Task description:
Copy out exactly the lines below that run from the one holding "Put h_N = H_N" to the one holding "n) = qnum q", keeping both of those lines and no others.

Collected data:
┌──

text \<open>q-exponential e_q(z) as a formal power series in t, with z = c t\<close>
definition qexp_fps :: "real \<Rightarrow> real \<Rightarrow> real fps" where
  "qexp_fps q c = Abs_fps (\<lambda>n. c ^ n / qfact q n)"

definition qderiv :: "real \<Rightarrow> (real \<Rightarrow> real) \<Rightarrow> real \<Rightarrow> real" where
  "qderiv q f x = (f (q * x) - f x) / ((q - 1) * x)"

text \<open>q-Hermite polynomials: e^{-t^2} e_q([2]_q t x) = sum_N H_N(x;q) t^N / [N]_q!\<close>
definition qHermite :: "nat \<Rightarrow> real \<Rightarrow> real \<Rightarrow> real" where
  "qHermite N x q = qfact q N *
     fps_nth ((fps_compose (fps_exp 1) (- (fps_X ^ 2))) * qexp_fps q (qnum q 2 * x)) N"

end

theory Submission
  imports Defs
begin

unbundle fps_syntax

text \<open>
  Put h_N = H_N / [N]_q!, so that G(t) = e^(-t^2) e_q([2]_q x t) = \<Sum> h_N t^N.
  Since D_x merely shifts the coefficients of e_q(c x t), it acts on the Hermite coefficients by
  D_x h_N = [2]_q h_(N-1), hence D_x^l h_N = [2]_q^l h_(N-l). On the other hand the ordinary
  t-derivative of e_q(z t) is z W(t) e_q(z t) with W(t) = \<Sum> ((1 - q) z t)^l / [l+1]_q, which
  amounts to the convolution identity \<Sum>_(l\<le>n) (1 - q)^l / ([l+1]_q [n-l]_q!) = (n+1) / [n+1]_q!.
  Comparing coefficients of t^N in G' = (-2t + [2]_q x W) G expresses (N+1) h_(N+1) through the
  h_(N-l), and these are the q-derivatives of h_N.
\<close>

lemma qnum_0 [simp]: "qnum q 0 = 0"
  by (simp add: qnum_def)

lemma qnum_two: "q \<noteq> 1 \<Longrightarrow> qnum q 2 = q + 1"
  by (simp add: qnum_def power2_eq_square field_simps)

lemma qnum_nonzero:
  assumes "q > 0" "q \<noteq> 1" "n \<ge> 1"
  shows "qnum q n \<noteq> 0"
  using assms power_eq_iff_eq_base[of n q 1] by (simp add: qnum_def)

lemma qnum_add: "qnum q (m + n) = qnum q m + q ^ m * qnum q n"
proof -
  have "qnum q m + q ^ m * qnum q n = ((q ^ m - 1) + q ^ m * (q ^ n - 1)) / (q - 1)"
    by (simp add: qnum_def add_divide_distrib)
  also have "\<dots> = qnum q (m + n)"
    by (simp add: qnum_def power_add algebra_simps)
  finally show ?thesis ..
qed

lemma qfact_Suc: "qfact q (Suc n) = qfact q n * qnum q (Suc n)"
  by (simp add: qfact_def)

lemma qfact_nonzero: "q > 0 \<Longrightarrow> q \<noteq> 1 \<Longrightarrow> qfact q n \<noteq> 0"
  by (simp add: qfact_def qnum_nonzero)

└──
┌──

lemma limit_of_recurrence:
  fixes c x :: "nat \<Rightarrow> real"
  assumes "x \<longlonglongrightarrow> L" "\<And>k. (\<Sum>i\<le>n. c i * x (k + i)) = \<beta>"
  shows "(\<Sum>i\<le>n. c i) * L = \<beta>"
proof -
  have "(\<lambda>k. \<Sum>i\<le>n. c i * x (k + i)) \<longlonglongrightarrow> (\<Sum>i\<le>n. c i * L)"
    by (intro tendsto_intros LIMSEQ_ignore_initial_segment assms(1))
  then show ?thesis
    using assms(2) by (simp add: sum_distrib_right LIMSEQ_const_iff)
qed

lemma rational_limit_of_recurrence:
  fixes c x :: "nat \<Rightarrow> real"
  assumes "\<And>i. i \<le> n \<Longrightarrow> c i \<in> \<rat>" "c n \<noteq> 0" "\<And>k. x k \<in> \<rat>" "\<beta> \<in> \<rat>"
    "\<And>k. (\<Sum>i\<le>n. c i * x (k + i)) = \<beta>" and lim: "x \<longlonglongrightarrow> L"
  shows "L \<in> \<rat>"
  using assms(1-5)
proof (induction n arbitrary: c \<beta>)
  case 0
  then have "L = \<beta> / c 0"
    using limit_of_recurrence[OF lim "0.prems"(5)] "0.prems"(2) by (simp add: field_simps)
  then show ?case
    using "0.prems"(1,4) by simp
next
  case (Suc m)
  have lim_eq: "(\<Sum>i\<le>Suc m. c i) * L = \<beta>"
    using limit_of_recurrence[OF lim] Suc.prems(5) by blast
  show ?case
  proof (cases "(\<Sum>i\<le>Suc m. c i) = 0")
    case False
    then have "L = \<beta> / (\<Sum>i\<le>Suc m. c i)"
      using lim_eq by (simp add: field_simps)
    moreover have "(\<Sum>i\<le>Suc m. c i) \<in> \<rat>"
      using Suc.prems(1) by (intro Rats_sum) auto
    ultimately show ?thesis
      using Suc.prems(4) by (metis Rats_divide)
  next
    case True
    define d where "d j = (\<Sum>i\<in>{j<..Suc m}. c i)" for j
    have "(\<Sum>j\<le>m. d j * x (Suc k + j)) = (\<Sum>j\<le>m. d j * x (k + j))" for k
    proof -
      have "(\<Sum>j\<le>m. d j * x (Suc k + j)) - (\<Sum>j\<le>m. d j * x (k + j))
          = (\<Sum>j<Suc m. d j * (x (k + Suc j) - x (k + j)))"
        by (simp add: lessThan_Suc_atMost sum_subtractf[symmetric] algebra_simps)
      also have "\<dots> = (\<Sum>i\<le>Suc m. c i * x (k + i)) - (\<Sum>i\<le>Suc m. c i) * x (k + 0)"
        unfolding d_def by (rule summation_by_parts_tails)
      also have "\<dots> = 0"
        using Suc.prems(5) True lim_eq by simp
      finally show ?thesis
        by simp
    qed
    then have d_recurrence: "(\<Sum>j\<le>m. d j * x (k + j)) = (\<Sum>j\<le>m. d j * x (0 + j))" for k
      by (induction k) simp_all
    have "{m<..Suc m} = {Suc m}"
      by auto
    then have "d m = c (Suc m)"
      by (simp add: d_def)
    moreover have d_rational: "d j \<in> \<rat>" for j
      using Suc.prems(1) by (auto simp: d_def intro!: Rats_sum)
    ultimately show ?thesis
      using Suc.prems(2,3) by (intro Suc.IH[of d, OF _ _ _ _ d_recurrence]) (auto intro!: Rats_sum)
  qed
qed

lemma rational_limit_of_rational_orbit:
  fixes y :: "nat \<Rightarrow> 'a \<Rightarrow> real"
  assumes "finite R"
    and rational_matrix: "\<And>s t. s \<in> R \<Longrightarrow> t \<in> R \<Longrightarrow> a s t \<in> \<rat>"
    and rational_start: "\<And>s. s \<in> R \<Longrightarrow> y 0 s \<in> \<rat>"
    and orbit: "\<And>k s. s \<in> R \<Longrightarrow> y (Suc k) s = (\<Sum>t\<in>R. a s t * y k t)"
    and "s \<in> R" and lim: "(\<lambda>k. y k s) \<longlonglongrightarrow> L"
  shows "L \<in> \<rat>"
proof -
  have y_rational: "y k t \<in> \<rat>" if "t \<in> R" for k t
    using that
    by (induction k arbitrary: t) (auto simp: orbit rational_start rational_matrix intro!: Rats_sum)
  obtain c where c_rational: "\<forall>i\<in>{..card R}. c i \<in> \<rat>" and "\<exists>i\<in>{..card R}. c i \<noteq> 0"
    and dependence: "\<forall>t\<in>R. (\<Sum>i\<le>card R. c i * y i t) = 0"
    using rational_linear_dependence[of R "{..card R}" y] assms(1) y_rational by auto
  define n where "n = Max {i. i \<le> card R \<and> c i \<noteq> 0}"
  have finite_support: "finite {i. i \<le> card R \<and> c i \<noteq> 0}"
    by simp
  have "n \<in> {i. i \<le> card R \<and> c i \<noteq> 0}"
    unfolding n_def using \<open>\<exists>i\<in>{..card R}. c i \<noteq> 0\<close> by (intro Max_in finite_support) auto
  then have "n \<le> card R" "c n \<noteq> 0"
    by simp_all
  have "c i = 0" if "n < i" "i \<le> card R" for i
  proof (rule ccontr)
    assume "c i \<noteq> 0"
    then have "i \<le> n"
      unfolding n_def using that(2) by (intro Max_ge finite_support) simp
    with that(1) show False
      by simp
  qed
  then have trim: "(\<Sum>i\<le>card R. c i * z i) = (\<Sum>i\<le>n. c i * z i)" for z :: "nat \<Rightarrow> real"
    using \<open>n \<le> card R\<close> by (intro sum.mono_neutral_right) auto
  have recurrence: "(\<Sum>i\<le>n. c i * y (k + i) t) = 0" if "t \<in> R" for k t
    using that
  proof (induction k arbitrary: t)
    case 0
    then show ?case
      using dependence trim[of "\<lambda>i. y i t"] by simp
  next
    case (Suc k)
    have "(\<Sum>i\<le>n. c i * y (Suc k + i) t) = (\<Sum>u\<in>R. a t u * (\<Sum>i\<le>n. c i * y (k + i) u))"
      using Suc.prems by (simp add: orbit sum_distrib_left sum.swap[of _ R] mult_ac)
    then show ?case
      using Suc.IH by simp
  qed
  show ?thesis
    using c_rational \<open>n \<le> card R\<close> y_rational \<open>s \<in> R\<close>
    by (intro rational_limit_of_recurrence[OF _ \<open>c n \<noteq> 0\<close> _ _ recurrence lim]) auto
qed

└──

Solution:
  Put h_N = H_N / [N]_q!, so that G(t) = e^(-t^2) e_q([2]_q x t) = \<Sum> h_N t^N.
  Since D_x merely shifts the coefficients of e_q(c x t), it acts on the Hermite coefficients by
  D_x h_N = [2]_q h_(N-1), hence D_x^l h_N = [2]_q^l h_(N-l). On the other hand the ordinary
  t-derivative of e_q(z t) is z W(t) e_q(z t) with W(t) = \<Sum> ((1 - q) z t)^l / [l+1]_q, which
  amounts to the convolution identity \<Sum>_(l\<le>n) (1 - q)^l / ([l+1]_q [n-l]_q!) = (n+1) / [n+1]_q!.
  Comparing coefficients of t^N in G' = (-2t + [2]_q x W) G expresses (N+1) h_(N+1) through the
  h_(N-l), and these are the q-derivatives of h_N.
\<close>

lemma qnum_0 [simp]: "qnum q 0 = 0"
  by (simp add: qnum_def)

lemma qnum_two: "q \<noteq> 1 \<Longrightarrow> qnum q 2 = q + 1"
  by (simp add: qnum_def power2_eq_square field_simps)

lemma qnum_nonzero:
  assumes "q > 0" "q \<noteq> 1" "n \<ge> 1"
  shows "qnum q n \<noteq> 0"
  using assms power_eq_iff_eq_base[of n q 1] by (simp add: qnum_def)

lemma qnum_add: "qnum q (m + n) = qnum q m + q ^ m * qnum q n"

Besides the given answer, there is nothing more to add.